Because "it's hard" and HMRC don't like "hard" things any more. They want the easy wins, i.e. where someone has sold a house for £1m a few years ago, but then dies and probate only declares £500k. It's an "easy win" for them for IHT. Land registry is clear evidence, then they just get the bank statements and can quickly pick the big outgoing transactions as to where the money went - just a few hours of office work!
In the same way, they've been targeting buy to letters where land registry and stamp duty return shows "Fred and Mabel" have bought a second house (stamp duty flags it up), so HMRC sit on the info for a few years, and then pounce when successive tax returns don't show any rental income declared, so they get several years' of back tax plus penalties etc. They "could" act within a couple of years of Fred and Mabel buying the second home, but they sit on it and wait for longer to maximise the penalties!

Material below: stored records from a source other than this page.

definition visc_subsol ::
  "real \<Rightarrow> (real^'n \<Rightarrow> real^'n \<Rightarrow> real \<Rightarrow> real) \<Rightarrow> real set \<Rightarrow> (real \<Rightarrow> real \<Rightarrow> real)
    \<Rightarrow> (real^'n \<Rightarrow> real \<Rightarrow> real) \<Rightarrow> bool" where
  "visc_subsol \<alpha> H I k v \<longleftrightarrow>
     (\<forall>\<xi>\<in>I. \<forall>phi Dphi x0. C1_torus phi Dphi
        \<and> (\<exists>e>0. \<forall>x\<in>ball x0 e. v x \<xi> - phi x \<le> v x0 \<xi> - phi x0)
        \<longrightarrow> \<alpha> * v x0 \<xi> + H x0 (Dphi x0) \<xi> + coupling I k v x0 \<xi> \<le> 0)"

definition visc_supersol ::
  "real \<Rightarrow> (real^'n \<Rightarrow> real^'n \<Rightarrow> real \<Rightarrow> real) \<Rightarrow> real set \<Rightarrow> (real \<Rightarrow> real \<Rightarrow> real)
    \<Rightarrow> (real^'n \<Rightarrow> real \<Rightarrow> real) \<Rightarrow> bool" where
  "visc_supersol \<alpha> H I k v \<longleftrightarrow>
     (\<forall>\<xi>\<in>I. \<forall>phi Dphi x0. C1_torus phi Dphi
        \<and> (\<exists>e>0. \<forall>x\<in>ball x0 e. v x \<xi> - phi x \<ge> v x0 \<xi> - phi x0)
        \<longrightarrow> \<alpha> * v x0 \<xi> + H x0 (Dphi x0) \<xi> + coupling I k v x0 \<xi> \<ge> 0)"

definition visc_sol where
  "visc_sol \<alpha> H I k v \<longleftrightarrow> visc_subsol \<alpha> H I k v \<and> visc_supersol \<alpha> H I k v"

end

theory Submission
  imports Defs
begin

text \<open>Freeze the variable \<xi>: every viscosity subsolution touching \<open>v(\<cdot>,\<xi>)\<close> from above has
  \<open>\<alpha> v + H(x, D\<phi>, \<xi>) + coupling \<le> 0\<close>, and since \<open>v\<close> and the coupling term are bounded, the
  coercivity (B1) bounds \<open>|D\<phi>|\<close> by a constant \<open>R\<close>. A bounded periodic function all of whose
  test gradients at maximum points are bounded by \<open>R\<close> is Lipschitz: compare \<open>w\<close> with the cone
  \<open>w(y) + K|x - y|\<close>, smoothed and made periodic as \<open>K sqrt(\<Sum>\<^sub>i sin\<^sup>2(\<pi>(x\<^sub>i - y\<^sub>i)) + \<epsilon>\<^sup>2)\<close>.
  For \<open>K\<close> large the maximum of \<open>w\<close> minus the cone cannot be attained far from the vertex,
  because there the gradient of the cone is too large; letting \<open>\<epsilon> \<rightarrow> 0\<close> gives
  \<open>w(x) - w(y) \<le> \<pi> K |x - y|\<close>.\<close>

definition sin_sqdist :: "real^'n \<Rightarrow> real^'n \<Rightarrow> real" where
  "sin_sqdist y x = (\<Sum>i\<in>UNIV. (sin (pi * (x$i - y$i)))\<^sup>2)"

definition sin_sqdist_grad :: "real^'n \<Rightarrow> real^'n \<Rightarrow> real^'n" where
  "sin_sqdist_grad y x = (\<chi> i. 2 * pi * sin (pi * (x$i - y$i)) * cos (pi * (x$i - y$i)))"

definition smooth_cone :: "real \<Rightarrow> real^'n \<Rightarrow> real^'n \<Rightarrow> real" where
  "smooth_cone e y x = sqrt (sin_sqdist y x + e\<^sup>2)"

lemma has_derivative_sin_sqdist:
  "(sin_sqdist y has_derivative (\<lambda>h. sin_sqdist_grad y x \<bullet> h)) (at x)"
proof -
  have "((\<lambda>x. \<Sum>i\<in>UNIV. (sin (pi * (x$i - y$i)))\<^sup>2) has_derivative
     (\<lambda>h. \<Sum>i\<in>UNIV. 2 * pi * sin (pi * (x$i - y$i)) * cos (pi * (x$i - y$i)) * h$i)) (at x)"
    by (rule derivative_eq_intros bounded_linear.has_derivative[OF bounded_linear_vec_nth]
        has_derivative_ident)+ (auto simp: algebra_simps)
  then show ?thesis
    unfolding sin_sqdist_def[abs_def] sin_sqdist_grad_def inner_vec_def by (simp add: mult.commute)
qed

lemma continuous_on_sin_sqdist: "continuous_on S (sin_sqdist y)"
  unfolding sin_sqdist_def by (intro continuous_intros)

lemma sin_sqdist_nonneg: "0 \<le> sin_sqdist y x"
  unfolding sin_sqdist_def by (auto intro: sum_nonneg)

lemma sin_sqdist_self [simp]: "sin_sqdist y y = 0"
  unfolding sin_sqdist_def by simp

lemma sin_sq_pi_add_Ints: "(z::real) \<in> \<int> \<Longrightarrow> (sin (pi * (a + z)))\<^sup>2 = (sin (pi * a))\<^sup>2"
proof -
  assume "z \<in> \<int>"
  then obtain n where n: "z = of_int n" by (auto elim: Ints_cases)
  have s: "sin (of_int n * pi) = 0" using sin_zero_iff_int2 by blast
  have c: "(cos (of_int n * pi))\<^sup>2 = 1" using sin_cos_squared_add[of "of_int n * pi"] s by simp
  have "sin (pi * (a + z)) = sin (pi * a) * cos (of_int n * pi)"
    by (simp add: n distrib_left sin_add s mult.commute)
  then show ?thesis by (simp add: power_mult_distrib c)
qed

lemma Zd_periodic_compose: "Zd_periodic f \<Longrightarrow> Zd_periodic (\<lambda>x. g (f x))"
  unfolding Zd_periodic_def by simp

lemma Zd_periodic_compose2:
  "Zd_periodic f \<Longrightarrow> Zd_periodic g \<Longrightarrow> Zd_periodic (\<lambda>x. h (f x) (g x))"
  unfolding Zd_periodic_def by simp

lemma Zd_periodic_sin_sqdist: "Zd_periodic (sin_sqdist (y :: real^'n))"
  unfolding Zd_periodic_def sin_sqdist_def
proof (intro allI impI sum.cong refl)
  fix x z :: "real^'n" and i
  assume "\<forall>i. z $ i \<in> \<int>"
  moreover have "(x + z)$i - y$i = (x$i - y$i) + z$i" by simp
  ultimately show "(sin (pi * ((x + z)$i - y$i)))\<^sup>2 = (sin (pi * (x$i - y$i)))\<^sup>2"
    using sin_sq_pi_add_Ints by presburger
qed

lemma sin_sq_le_sin_sqdist: "(sin (pi * (x$i - y$i)))\<^sup>2 \<le> sin_sqdist y x"
  unfolding sin_sqdist_def by (rule member_le_sum) auto

lemma norm_sq_vec: "(norm (x::real^'n))\<^sup>2 = (\<Sum>i\<in>UNIV. (x$i)\<^sup>2)"
  unfolding power2_norm_eq_inner inner_vec_def by (simp add: power2_eq_square)

lemma sin_sqdist_le_dist: "sin_sqdist y x \<le> pi\<^sup>2 * (dist x y)\<^sup>2"
proof -
  have "sin_sqdist y x \<le> (\<Sum>i\<in>UNIV. (pi * (x$i - y$i))\<^sup>2)"
    unfolding sin_sqdist_def
    by (intro sum_mono abs_le_square_iff[THEN iffD1] abs_sin_x_le_abs_x)
  also have "\<dots> = pi\<^sup>2 * (dist x y)\<^sup>2"
    by (simp add: dist_norm norm_sq_vec sum_distrib_left power_mult_distrib)
  finally show ?thesis .
qed

text \<open>Taylor's bound \<open>|sin s - s| \<le> |s|\<^sup>3/6\<close> with \<open>|s| \<le> 2\<close> gives \<open>|sin s| \<ge> |s|/3\<close>.\<close>
lemma abs_le_abs_sin_pi:
  fixes t :: real
  assumes "\<bar>t\<bar> \<le> 1/2"
  shows "\<bar>t\<bar> \<le> \<bar>sin (pi * t)\<bar>"
proof -
  define s where "s = pi * t"
  have s2: "\<bar>s\<bar> \<le> 2"
  proof -
    have "pi * \<bar>t\<bar> \<le> 4 * (1/2)"
      using assms pi_less_4 by (intro mult_mono) auto
    then show ?thesis by (simp add: s_def abs_mult)
  qed
  have taylor: "(\<Sum>m<3. sin_coeff m * s ^ m) = s"
    by (simp add: sin_coeff_Suc cos_coeff_def eval_nat_numeral)
  have fact3: "inverse (fact 3) = (1/6 :: real)"
    by (simp add: eval_nat_numeral)
  have "\<bar>sin s - s\<bar> \<le> \<bar>s\<bar> ^ 3 / 6"
    using Maclaurin_sin_bound[of s 3] unfolding taylor fact3 by simp
  also have "\<dots> \<le> 4 * \<bar>s\<bar> / 6"
  proof -
    have "\<bar>s\<bar> ^ 3 = \<bar>s\<bar>\<^sup>2 * \<bar>s\<bar>" by (simp add: power3_eq_cube power2_eq_square)
    also have "\<dots> \<le> 2\<^sup>2 * \<bar>s\<bar>" using s2 by (intro mult_right_mono power_mono) auto
    finally show ?thesis by simp
  qed
  finally have "\<bar>s\<bar> / 3 \<le> \<bar>sin s\<bar>" by linarith
  moreover have "3 * \<bar>t\<bar> \<le> \<bar>s\<bar>"
    using pi_gt3 by (simp add: s_def abs_mult mult_right_mono)
  ultimately show ?thesis by (simp add: s_def)
qed

lemma dist_sq_le_sin_sqdist:
  assumes "\<And>i. \<bar>x$i - y$i\<bar> \<le> 1/2"
  shows "(dist x y)\<^sup>2 \<le> sin_sqdist y x"
  unfolding dist_norm norm_sq_vec sin_sqdist_def
  by (intro sum_mono abs_le_square_iff[THEN iffD1])
    (simp add: abs_le_abs_sin_pi[OF assms])

lemma sin_sqdist_le_norm_grad:
  assumes "sin_sqdist y x \<le> 1/4"
  shows "4 * sin_sqdist y x \<le> (norm (sin_sqdist_grad y x))\<^sup>2"
proof -
  have "4 * sin_sqdist y x = (\<Sum>i\<in>UNIV. 4 * (sin (pi * (x$i - y$i)))\<^sup>2)"
    unfolding sin_sqdist_def by (simp add: sum_distrib_left)
  also have "\<dots> \<le> (\<Sum>i\<in>UNIV. (2 * pi * sin (pi * (x$i - y$i)) * cos (pi * (x$i - y$i)))\<^sup>2)"
  proof (rule sum_mono)
    fix i
    define s where "s = sin (pi * (x$i - y$i))"
    define c where "c = cos (pi * (x$i - y$i))"
    have "s\<^sup>2 \<le> 1/4" using sin_sq_le_sin_sqdist[of x i y] assms unfolding s_def by linarith
    moreover have "s\<^sup>2 + c\<^sup>2 = 1" unfolding s_def c_def by simp
    ultimately have "3/4 \<le> c\<^sup>2" by linarith
    moreover have "2\<^sup>2 \<le> pi\<^sup>2" using pi_gt3 by (intro power_mono) auto
    ultimately have "2\<^sup>2 * (3/4) \<le> pi\<^sup>2 * c\<^sup>2" by (intro mult_mono) auto
    then have "1 * s\<^sup>2 \<le> (pi\<^sup>2 * c\<^sup>2) * s\<^sup>2" by (intro mult_right_mono) auto
    then show "4 * s\<^sup>2 \<le> (2 * pi * s * c)\<^sup>2" by (simp add: power_mult_distrib algebra_simps)
  qed
  also have "\<dots> = (norm (sin_sqdist_grad y x))\<^sup>2"
    unfolding norm_sq_vec sin_sqdist_grad_def by simp
  finally show ?thesis .
qed

lemma continuous_on_smooth_cone: "continuous_on S (smooth_cone e y)"
  unfolding smooth_cone_def by (intro continuous_intros continuous_on_sin_sqdist)

lemma smooth_cone_pos: "0 < e \<Longrightarrow> 0 < smooth_cone e y x"
  unfolding smooth_cone_def using sin_sqdist_nonneg[of y x] by (simp add: add_nonneg_pos)

lemma smooth_cone_self: "0 < e \<Longrightarrow> smooth_cone e y y = e"
  unfolding smooth_cone_def by simp

lemma smooth_cone_sq: "(smooth_cone e y x)\<^sup>2 = sin_sqdist y x + e\<^sup>2"
  unfolding smooth_cone_def using sin_sqdist_nonneg[of y x] by simp

lemma Zd_periodic_smooth_cone: "Zd_periodic (smooth_cone e y)"
  unfolding smooth_cone_def[abs_def] by (rule Zd_periodic_compose[OF Zd_periodic_sin_sqdist])

lemma smooth_cone_le: "0 < e \<Longrightarrow> smooth_cone e y x \<le> pi * dist x y + e"
proof -
  assume e: "0 < e"
  have "smooth_cone e y x \<le> sqrt (sin_sqdist y x) + sqrt (e\<^sup>2)"
    unfolding smooth_cone_def by (rule sqrt_add_le_add_sqrt) (auto simp: sin_sqdist_nonneg)
  also have "sqrt (sin_sqdist y x) \<le> sqrt (pi\<^sup>2 * (dist x y)\<^sup>2)"
    by (rule real_sqrt_le_mono[OF sin_sqdist_le_dist])
  also have "\<dots> = pi * dist x y" by (simp add: real_sqrt_mult)
  finally show ?thesis using e by simp
qed

lemma C1_torus_smooth_cone:
  assumes e: "0 < e"
  shows "C1_torus (\<lambda>x. K * smooth_cone e y x)
           (\<lambda>x. (K / (2 * smooth_cone e y x)) *\<^sub>R sin_sqdist_grad y x)"
  unfolding C1_torus_def
proof (intro conjI allI)
  show "Zd_periodic (\<lambda>x. K * smooth_cone e y x)"
    by (rule Zd_periodic_compose[OF Zd_periodic_smooth_cone])
next
  fix x
  have pos: "0 < sin_sqdist y x + e\<^sup>2" using sin_sqdist_nonneg[of y x] e by (simp add: add_nonneg_pos)
  have "((\<lambda>x. K * sqrt (sin_sqdist y x + e\<^sup>2)) has_derivative
        (\<lambda>h. K * (inverse (sqrt (sin_sqdist y x + e\<^sup>2)) / 2 * (sin_sqdist_grad y x \<bullet> h)))) (at x)"
    by (rule derivative_eq_intros has_derivative_sin_sqdist refl pos)+ (simp add: mult.commute)
  then show "((\<lambda>x. K * smooth_cone e y x) has_derivative
      (\<lambda>h. ((K / (2 * smooth_cone e y x)) *\<^sub>R sin_sqdist_grad y x) \<bullet> h)) (at x)"
    unfolding smooth_cone_def by (simp add: field_simps)
next
  have "smooth_cone e y x \<noteq> 0" for x
    using smooth_cone_pos[OF e, of y x] by simp
  then show "continuous_on UNIV (\<lambda>x. (K / (2 * smooth_cone e y x)) *\<^sub>R sin_sqdist_grad y x)"
    unfolding sin_sqdist_grad_def
    by (intro continuous_intros continuous_on_sin_sqdist continuous_on_smooth_cone) simp_all
qed

lemma Zd_periodic_attains_max:
  fixes f :: "real^'n \<Rightarrow> real"
  assumes cont: "continuous_on UNIV f" and per: "Zd_periodic f"
  obtains x0 where "\<And>i. \<bar>x0$i - y$i\<bar> \<le> 1/2" and "\<And>x. f x \<le> f x0"
proof -
  define c :: "real^'n" where "c = (\<chi> i. 1/2)"
  define S where "S = cbox (y - c) (y + c)"
  have coord: "(y - c)$i \<le> x$i \<and> x$i \<le> (y + c)$i \<longleftrightarrow> \<bar>x$i - y$i\<bar> \<le> 1/2" for x i
    unfolding c_def abs_le_iff by auto
  have inS: "x \<in> S \<longleftrightarrow> (\<forall>i. \<bar>x$i - y$i\<bar> \<le> 1/2)" for x
    unfolding S_def mem_box_cart coord ..
  have "y \<in> S" unfolding inS by simp
  moreover have "compact S" unfolding S_def by (rule compact_cbox)
  ultimately obtain x0 where x0: "x0 \<in> S" "\<And>x. x \<in> S \<Longrightarrow> f x \<le> f x0"
    using continuous_attains_sup[of S f] continuous_on_subset[OF cont subset_UNIV] by blast
  have "f x \<le> f x0" for x
  proof -
    define z :: "real^'n" where "z = (\<chi> i. of_int \<lfloor>y$i - x$i + 1/2\<rfloor>)"
    have "\<bar>(x + z)$i - y$i\<bar> \<le> 1/2" for i
      using of_int_floor_le[of "y$i - x$i + 1/2"] real_of_int_floor_add_one_gt[of "y$i - x$i + 1/2"]
      unfolding z_def abs_le_iff vector_add_component vec_lambda_beta by linarith
    then have "f (x + z) \<le> f x0" using x0(2) inS by blast
    moreover have "f (x + z) = f x"
      using per unfolding Zd_periodic_def z_def by simp
    ultimately show ?thesis by simp
  qed
  then show ?thesis using that x0(1) inS by blast
qed

definition visc_grad_bounded :: "real \<Rightarrow> (real^'n \<Rightarrow> real) \<Rightarrow> bool" where
  "visc_grad_bounded R w \<longleftrightarrow>
     (\<forall>phi Dphi x0. C1_torus phi Dphi \<longrightarrow> (\<forall>x. w x - phi x \<le> w x0 - phi x0)
        \<longrightarrow> norm (Dphi x0) \<le> R)"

It's a lot harder when it comes to the black economy of "fiddling" taxes by cash in hand work, claiming a foreign holiday was a business trip, money laundering, etc., as HMRC don't have the same kind of "clear" evidence that they have from the likes of the Land Registry, DVLA, etc. Basically for things like child maintenance avoidance etc HMRC don't have the same "slam dunk" easy evidence and actually have to do some investigative work, like the way a tiny number of benefit claimants are caught because they need investigators taking pictures/videos of say disability claimants engaging in sports etc when they claim they can't walk more than 5 yards! It's just a lot harder! And the kind of people in the black economy know how to get away with it because they talk to eachother, share knowledge, etc.
It's a lot of why those engaged in benefit fraud/tax evasion, etc don't want to "settle down", i.e. don't buy their own house, don't have "fixed" business premises such as a workshop or office, etc - it minimises "formality" and the footprint evidence - best to have as little on official databases as possible!